(What to work on) Copy nothing but the lines below running from the line containing "min(n,m) + 1 integers.\<close>" through the line containing "(auto simp: power2_eq_iff_nonneg)", both end lines included.

(Collected data)
++++++++++

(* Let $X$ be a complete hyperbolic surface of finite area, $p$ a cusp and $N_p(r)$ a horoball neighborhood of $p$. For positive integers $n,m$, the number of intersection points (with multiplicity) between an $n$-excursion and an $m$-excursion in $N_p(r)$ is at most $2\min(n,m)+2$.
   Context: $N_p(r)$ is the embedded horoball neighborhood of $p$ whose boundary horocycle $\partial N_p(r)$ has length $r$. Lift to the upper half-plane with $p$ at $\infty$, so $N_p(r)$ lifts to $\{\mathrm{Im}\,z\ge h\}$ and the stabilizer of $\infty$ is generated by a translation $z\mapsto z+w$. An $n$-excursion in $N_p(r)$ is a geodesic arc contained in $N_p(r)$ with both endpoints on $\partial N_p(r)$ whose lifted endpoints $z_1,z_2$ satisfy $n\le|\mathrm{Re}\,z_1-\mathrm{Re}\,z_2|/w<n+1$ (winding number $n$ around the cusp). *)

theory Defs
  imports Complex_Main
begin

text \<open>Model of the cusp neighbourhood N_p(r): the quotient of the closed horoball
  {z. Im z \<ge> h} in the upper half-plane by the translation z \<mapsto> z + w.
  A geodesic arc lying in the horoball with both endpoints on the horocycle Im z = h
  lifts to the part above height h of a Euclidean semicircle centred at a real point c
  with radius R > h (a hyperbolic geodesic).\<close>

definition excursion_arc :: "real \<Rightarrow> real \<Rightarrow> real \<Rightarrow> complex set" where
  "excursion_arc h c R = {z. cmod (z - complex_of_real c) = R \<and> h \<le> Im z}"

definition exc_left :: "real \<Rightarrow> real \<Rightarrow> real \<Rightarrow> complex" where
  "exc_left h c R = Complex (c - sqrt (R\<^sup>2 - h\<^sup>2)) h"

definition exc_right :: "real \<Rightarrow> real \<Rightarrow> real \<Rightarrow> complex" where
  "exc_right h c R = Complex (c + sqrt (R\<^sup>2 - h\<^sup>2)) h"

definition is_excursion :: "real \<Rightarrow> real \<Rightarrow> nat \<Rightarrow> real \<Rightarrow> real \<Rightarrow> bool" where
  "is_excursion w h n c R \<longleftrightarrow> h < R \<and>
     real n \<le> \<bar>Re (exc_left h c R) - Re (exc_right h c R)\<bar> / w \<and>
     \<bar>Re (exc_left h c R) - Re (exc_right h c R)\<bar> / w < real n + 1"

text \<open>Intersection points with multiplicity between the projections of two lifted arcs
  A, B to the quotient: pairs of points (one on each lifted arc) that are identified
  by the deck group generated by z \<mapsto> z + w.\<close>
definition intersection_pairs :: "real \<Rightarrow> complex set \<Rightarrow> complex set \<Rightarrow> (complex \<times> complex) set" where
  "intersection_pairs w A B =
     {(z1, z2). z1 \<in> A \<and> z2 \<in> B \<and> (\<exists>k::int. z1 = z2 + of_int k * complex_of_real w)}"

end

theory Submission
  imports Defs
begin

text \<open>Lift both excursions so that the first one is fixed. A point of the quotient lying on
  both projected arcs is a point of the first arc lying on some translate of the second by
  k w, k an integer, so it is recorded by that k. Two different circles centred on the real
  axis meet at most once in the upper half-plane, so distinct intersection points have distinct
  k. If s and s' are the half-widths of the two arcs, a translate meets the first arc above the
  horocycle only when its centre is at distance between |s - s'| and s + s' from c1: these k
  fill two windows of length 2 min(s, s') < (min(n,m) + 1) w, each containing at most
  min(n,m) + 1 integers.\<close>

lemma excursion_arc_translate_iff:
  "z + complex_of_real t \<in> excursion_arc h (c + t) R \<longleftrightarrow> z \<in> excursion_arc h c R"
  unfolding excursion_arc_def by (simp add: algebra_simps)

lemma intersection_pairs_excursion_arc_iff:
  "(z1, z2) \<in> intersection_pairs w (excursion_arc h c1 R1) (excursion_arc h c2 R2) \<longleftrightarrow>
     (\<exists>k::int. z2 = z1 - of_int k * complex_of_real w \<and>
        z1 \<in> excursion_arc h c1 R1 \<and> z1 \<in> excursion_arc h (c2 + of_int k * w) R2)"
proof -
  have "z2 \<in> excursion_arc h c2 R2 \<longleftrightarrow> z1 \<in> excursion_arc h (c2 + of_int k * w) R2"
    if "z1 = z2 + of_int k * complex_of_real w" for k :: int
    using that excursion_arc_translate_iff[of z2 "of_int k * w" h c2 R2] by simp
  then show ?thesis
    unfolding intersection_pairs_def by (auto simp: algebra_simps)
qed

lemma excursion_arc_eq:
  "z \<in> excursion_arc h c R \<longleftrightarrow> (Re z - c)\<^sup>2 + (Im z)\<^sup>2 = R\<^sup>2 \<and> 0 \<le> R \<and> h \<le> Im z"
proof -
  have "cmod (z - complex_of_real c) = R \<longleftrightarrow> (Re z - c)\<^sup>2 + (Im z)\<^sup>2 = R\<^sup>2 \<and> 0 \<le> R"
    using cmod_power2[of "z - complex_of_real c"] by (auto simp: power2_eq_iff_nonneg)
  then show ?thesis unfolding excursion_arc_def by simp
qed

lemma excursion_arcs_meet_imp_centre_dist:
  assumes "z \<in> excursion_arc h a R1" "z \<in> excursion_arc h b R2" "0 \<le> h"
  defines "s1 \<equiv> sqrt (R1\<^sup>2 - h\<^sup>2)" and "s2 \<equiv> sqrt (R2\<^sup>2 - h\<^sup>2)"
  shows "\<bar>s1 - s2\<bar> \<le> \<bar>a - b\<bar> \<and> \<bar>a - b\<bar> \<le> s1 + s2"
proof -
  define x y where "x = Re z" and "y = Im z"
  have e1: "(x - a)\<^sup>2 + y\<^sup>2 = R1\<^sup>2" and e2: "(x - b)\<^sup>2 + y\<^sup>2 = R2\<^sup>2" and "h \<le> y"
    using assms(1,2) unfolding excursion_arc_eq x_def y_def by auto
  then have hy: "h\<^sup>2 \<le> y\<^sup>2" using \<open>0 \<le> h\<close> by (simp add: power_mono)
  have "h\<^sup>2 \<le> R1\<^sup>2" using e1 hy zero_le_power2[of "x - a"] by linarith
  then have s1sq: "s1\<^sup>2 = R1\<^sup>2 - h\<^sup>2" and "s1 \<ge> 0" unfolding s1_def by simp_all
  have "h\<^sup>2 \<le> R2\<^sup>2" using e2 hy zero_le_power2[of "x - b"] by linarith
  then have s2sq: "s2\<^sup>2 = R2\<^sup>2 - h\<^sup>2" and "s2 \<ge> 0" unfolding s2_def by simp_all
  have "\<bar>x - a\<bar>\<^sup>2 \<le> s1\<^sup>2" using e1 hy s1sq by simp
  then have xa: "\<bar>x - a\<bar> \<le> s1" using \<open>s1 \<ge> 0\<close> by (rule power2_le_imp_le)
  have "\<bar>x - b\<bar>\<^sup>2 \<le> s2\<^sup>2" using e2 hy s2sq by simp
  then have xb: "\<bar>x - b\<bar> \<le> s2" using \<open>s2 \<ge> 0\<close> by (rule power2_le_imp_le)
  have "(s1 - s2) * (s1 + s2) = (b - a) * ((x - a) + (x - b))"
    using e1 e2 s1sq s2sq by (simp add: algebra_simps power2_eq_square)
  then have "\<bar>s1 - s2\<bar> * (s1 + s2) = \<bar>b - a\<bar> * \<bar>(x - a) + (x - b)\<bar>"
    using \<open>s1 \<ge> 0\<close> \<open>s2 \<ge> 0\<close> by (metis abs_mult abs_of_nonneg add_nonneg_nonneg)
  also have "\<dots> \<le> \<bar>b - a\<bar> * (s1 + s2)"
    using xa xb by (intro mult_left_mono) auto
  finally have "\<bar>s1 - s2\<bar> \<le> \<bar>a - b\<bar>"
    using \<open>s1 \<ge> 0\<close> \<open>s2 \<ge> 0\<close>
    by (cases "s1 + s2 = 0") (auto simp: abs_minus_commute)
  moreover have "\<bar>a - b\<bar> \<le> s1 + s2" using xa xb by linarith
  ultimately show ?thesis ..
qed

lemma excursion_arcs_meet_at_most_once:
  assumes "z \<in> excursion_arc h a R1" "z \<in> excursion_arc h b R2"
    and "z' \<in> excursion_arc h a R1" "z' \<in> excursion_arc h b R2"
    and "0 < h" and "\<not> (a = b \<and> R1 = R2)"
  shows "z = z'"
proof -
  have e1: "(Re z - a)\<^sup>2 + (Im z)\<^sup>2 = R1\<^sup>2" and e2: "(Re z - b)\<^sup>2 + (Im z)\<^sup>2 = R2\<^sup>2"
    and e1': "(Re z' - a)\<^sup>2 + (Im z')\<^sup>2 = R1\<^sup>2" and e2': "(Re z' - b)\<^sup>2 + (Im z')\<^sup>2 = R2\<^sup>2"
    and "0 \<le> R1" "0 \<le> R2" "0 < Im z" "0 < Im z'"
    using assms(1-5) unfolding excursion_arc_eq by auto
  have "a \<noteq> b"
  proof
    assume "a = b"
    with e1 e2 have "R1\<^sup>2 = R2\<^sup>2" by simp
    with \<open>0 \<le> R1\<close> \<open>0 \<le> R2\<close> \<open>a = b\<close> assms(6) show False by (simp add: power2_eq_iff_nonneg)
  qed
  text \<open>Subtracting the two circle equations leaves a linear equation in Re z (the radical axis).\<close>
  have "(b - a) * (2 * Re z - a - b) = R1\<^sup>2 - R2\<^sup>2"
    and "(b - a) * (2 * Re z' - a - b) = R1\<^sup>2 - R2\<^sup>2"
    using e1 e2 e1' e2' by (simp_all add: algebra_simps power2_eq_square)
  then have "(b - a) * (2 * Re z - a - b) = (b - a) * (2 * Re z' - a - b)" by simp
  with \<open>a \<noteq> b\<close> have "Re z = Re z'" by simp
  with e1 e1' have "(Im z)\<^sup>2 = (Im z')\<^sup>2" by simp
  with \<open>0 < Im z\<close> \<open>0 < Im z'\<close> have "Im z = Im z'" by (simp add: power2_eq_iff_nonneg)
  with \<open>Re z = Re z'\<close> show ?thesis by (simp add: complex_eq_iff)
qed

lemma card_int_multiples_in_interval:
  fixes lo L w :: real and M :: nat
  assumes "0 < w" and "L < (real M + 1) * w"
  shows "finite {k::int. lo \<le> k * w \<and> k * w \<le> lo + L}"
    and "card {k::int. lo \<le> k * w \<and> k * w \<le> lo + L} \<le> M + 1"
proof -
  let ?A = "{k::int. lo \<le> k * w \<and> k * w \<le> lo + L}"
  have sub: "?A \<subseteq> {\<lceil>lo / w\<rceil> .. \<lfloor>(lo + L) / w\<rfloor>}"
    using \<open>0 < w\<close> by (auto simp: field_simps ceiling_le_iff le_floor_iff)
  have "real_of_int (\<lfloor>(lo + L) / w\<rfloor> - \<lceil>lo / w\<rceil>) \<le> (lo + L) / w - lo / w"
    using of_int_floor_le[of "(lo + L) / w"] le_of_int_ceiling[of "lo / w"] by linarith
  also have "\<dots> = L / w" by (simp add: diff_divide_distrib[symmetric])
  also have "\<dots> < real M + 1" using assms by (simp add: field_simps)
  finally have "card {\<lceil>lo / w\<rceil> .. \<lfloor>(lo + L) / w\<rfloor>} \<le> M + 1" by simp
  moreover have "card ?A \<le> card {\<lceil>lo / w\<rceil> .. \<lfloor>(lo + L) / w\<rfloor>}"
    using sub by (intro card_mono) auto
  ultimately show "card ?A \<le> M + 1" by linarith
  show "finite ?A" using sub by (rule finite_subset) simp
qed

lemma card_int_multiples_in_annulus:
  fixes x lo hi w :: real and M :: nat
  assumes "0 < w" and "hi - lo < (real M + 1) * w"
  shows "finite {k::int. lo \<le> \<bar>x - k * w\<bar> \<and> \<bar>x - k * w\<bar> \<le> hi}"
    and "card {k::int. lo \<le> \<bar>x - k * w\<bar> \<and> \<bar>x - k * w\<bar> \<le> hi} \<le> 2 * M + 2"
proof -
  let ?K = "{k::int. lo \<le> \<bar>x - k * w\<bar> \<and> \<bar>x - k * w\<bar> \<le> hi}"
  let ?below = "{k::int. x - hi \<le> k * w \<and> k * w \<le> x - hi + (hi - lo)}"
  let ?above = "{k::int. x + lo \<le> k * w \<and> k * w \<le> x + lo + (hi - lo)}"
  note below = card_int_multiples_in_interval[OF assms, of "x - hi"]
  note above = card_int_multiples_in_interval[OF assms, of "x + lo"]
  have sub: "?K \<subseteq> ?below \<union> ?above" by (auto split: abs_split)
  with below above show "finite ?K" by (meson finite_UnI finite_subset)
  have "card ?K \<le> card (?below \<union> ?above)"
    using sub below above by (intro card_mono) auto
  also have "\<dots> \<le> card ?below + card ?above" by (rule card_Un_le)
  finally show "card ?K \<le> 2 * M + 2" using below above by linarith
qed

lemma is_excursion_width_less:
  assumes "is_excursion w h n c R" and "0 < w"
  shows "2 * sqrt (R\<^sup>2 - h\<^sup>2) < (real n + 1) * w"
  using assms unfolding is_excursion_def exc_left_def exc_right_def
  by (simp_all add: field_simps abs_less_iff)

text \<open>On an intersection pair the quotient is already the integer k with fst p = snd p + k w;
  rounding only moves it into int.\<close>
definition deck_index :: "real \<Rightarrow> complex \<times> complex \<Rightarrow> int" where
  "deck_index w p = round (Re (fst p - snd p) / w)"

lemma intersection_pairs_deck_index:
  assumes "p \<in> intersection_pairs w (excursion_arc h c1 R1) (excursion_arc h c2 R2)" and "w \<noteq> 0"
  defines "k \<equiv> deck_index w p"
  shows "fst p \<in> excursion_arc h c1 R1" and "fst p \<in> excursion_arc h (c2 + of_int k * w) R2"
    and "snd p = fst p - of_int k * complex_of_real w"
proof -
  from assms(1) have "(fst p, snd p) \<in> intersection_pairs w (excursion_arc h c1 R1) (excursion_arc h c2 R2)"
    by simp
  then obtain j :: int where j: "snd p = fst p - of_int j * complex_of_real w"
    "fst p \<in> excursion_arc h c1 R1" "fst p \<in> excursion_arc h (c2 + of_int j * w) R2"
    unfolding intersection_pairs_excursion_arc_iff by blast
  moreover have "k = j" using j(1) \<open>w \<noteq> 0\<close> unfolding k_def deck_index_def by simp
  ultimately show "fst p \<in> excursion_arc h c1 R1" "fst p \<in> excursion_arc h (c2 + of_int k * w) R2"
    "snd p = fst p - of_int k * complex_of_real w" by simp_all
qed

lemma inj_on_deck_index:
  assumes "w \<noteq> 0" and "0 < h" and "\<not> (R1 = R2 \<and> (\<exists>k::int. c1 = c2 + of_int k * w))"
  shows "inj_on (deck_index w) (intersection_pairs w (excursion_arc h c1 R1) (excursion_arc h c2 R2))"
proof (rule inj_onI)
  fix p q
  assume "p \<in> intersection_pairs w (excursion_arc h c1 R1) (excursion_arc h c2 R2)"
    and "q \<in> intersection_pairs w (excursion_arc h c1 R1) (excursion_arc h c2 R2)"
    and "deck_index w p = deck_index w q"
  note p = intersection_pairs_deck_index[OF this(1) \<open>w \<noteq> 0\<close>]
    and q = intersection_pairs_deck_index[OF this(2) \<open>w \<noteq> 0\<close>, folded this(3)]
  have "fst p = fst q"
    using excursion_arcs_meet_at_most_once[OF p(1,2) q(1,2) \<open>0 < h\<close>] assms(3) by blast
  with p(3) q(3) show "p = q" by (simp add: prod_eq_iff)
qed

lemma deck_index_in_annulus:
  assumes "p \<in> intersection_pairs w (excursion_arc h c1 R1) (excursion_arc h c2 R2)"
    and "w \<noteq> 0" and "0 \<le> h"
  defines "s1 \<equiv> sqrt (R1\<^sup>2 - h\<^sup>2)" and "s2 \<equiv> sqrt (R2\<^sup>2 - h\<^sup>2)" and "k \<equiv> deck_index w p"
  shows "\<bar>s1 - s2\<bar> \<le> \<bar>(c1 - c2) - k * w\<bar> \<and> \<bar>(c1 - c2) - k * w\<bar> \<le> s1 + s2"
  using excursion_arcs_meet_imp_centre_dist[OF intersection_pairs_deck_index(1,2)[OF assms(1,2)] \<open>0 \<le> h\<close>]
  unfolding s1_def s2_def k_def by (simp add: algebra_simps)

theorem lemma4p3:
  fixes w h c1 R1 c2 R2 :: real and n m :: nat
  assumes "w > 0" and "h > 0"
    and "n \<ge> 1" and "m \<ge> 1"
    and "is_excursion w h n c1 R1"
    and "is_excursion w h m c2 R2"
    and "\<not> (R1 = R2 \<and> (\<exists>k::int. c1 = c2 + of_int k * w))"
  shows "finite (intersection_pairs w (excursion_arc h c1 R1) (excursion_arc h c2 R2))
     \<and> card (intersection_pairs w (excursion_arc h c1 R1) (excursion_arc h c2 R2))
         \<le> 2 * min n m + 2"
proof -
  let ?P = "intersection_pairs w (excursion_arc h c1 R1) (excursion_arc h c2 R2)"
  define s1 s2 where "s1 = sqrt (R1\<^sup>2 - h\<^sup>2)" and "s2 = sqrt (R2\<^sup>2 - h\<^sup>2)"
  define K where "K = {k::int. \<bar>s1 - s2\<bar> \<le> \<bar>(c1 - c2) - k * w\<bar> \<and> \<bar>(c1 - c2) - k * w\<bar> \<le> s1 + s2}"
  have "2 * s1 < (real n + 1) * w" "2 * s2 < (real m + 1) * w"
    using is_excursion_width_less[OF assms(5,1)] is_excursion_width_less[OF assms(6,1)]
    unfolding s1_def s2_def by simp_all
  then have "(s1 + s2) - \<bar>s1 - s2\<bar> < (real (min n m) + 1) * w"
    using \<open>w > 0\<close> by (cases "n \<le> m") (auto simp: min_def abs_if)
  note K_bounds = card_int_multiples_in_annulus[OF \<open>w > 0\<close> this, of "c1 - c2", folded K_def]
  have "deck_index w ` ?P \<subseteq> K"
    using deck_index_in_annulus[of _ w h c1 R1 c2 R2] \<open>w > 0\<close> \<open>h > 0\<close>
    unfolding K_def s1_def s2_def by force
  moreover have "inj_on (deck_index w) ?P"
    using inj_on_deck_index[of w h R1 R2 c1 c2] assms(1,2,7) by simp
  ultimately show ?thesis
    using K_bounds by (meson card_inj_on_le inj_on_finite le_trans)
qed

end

++++++++++

(Answer to this exercise)
  min(n,m) + 1 integers.\<close>

lemma excursion_arc_translate_iff:
  "z + complex_of_real t \<in> excursion_arc h (c + t) R \<longleftrightarrow> z \<in> excursion_arc h c R"
  unfolding excursion_arc_def by (simp add: algebra_simps)

lemma intersection_pairs_excursion_arc_iff:
  "(z1, z2) \<in> intersection_pairs w (excursion_arc h c1 R1) (excursion_arc h c2 R2) \<longleftrightarrow>
     (\<exists>k::int. z2 = z1 - of_int k * complex_of_real w \<and>
        z1 \<in> excursion_arc h c1 R1 \<and> z1 \<in> excursion_arc h (c2 + of_int k * w) R2)"
proof -
  have "z2 \<in> excursion_arc h c2 R2 \<longleftrightarrow> z1 \<in> excursion_arc h (c2 + of_int k * w) R2"
    if "z1 = z2 + of_int k * complex_of_real w" for k :: int
    using that excursion_arc_translate_iff[of z2 "of_int k * w" h c2 R2] by simp
  then show ?thesis
    unfolding intersection_pairs_def by (auto simp: algebra_simps)
qed

lemma excursion_arc_eq:
  "z \<in> excursion_arc h c R \<longleftrightarrow> (Re z - c)\<^sup>2 + (Im z)\<^sup>2 = R\<^sup>2 \<and> 0 \<le> R \<and> h \<le> Im z"
proof -
  have "cmod (z - complex_of_real c) = R \<longleftrightarrow> (Re z - c)\<^sup>2 + (Im z)\<^sup>2 = R\<^sup>2 \<and> 0 \<le> R"
    using cmod_power2[of "z - complex_of_real c"] by (auto simp: power2_eq_iff_nonneg)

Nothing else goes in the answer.